Goal of the exercise: Working from the top of the records below, reproduce each line exactly, ending once you have written the line containing "i div m ^ L)".

Data supplied:

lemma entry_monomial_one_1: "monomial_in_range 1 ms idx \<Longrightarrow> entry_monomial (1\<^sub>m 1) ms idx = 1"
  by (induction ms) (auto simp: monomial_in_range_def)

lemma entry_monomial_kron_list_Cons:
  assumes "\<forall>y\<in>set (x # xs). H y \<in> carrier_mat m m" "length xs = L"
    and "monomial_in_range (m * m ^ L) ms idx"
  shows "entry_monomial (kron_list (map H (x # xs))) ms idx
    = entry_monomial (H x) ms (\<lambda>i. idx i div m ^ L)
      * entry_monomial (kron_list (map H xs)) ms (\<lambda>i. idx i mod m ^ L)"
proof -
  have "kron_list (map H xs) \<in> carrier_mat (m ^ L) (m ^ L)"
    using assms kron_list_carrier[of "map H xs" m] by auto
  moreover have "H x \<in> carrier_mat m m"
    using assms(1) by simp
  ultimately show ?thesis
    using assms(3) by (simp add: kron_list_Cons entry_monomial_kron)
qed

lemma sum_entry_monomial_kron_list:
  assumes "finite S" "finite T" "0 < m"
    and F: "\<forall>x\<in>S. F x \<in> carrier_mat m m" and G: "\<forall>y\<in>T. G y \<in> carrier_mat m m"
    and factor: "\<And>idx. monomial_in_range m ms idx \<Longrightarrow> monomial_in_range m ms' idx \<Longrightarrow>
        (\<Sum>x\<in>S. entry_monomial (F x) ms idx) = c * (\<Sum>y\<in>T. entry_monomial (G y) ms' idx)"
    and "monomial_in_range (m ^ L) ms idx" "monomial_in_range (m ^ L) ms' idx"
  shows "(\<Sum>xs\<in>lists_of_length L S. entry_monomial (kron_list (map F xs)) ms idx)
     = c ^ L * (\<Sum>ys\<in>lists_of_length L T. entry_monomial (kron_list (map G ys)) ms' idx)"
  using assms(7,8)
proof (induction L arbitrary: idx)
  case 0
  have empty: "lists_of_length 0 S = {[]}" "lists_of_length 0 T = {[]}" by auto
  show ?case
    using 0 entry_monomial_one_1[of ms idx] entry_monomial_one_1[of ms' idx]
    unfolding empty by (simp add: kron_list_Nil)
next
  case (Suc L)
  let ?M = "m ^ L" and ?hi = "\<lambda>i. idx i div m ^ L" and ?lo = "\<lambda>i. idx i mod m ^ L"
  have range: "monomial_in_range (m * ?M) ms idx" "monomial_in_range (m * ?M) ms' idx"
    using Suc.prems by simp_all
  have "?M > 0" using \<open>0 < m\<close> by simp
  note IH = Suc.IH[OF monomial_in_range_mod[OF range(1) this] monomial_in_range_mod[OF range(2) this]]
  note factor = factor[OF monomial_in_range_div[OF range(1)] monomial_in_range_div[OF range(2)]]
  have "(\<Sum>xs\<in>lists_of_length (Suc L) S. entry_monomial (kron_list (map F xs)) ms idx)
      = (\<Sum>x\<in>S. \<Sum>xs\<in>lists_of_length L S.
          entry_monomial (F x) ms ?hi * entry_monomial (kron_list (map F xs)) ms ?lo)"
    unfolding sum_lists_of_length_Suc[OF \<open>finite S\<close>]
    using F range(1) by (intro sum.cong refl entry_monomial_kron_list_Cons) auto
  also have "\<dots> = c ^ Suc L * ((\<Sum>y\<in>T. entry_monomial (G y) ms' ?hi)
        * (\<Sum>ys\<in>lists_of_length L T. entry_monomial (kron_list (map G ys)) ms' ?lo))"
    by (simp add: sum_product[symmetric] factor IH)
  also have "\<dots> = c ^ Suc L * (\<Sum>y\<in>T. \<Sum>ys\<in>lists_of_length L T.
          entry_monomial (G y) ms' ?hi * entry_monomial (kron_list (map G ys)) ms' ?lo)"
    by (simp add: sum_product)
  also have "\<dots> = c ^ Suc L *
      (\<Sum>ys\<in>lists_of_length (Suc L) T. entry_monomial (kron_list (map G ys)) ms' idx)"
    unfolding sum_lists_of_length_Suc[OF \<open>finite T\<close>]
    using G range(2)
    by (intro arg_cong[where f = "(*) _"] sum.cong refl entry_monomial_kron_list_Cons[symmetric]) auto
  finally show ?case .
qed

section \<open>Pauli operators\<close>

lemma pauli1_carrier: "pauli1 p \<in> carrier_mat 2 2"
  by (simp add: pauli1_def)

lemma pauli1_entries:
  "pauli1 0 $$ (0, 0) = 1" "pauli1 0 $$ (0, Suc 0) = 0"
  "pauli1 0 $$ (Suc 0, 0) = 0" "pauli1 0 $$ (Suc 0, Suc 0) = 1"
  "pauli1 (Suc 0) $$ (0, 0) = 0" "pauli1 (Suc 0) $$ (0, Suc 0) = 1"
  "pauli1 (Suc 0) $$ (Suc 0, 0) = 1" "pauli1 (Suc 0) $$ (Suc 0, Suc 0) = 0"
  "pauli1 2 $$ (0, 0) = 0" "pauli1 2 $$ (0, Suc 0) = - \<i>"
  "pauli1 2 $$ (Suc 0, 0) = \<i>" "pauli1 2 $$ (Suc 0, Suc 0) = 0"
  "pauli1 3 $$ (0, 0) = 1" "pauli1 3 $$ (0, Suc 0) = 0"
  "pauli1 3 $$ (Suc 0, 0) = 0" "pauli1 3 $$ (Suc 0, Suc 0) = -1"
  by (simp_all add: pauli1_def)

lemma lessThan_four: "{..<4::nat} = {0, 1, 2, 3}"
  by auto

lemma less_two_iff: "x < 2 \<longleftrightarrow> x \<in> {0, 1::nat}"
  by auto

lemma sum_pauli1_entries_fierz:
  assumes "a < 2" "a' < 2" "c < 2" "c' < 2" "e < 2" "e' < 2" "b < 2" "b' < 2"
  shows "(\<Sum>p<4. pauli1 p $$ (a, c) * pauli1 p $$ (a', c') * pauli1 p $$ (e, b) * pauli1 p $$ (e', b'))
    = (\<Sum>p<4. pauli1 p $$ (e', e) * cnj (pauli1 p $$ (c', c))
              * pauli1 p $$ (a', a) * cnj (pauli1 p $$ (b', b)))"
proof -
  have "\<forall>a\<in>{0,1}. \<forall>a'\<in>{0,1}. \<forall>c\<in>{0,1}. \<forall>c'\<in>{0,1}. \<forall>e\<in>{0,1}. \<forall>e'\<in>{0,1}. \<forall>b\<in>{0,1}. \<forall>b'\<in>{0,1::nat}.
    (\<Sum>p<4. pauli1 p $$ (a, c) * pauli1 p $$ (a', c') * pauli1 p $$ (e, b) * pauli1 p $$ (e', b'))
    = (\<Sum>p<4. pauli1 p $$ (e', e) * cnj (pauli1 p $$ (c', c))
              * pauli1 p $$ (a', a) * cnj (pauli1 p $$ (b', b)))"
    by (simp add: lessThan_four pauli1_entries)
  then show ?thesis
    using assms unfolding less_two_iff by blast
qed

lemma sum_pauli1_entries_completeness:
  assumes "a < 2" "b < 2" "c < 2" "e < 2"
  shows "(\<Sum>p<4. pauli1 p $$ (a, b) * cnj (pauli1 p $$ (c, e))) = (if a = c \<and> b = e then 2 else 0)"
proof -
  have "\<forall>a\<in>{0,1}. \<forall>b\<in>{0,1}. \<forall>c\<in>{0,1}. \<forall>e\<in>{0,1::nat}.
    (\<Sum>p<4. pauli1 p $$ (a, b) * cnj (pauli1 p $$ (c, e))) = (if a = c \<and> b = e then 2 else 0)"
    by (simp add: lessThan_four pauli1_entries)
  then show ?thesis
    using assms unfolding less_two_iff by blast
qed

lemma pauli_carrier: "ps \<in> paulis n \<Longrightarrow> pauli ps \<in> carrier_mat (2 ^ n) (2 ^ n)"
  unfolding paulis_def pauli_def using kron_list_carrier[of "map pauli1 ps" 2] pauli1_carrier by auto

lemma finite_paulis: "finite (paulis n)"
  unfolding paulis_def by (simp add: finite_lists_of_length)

Written answer:
lemma entry_monomial_one_1: "monomial_in_range 1 ms idx \<Longrightarrow> entry_monomial (1\<^sub>m 1) ms idx = 1"
  by (induction ms) (auto simp: monomial_in_range_def)

lemma entry_monomial_kron_list_Cons:
  assumes "\<forall>y\<in>set (x # xs). H y \<in> carrier_mat m m" "length xs = L"
    and "monomial_in_range (m * m ^ L) ms idx"
  shows "entry_monomial (kron_list (map H (x # xs))) ms idx
    = entry_monomial (H x) ms (\<lambda>i. idx i div m ^ L)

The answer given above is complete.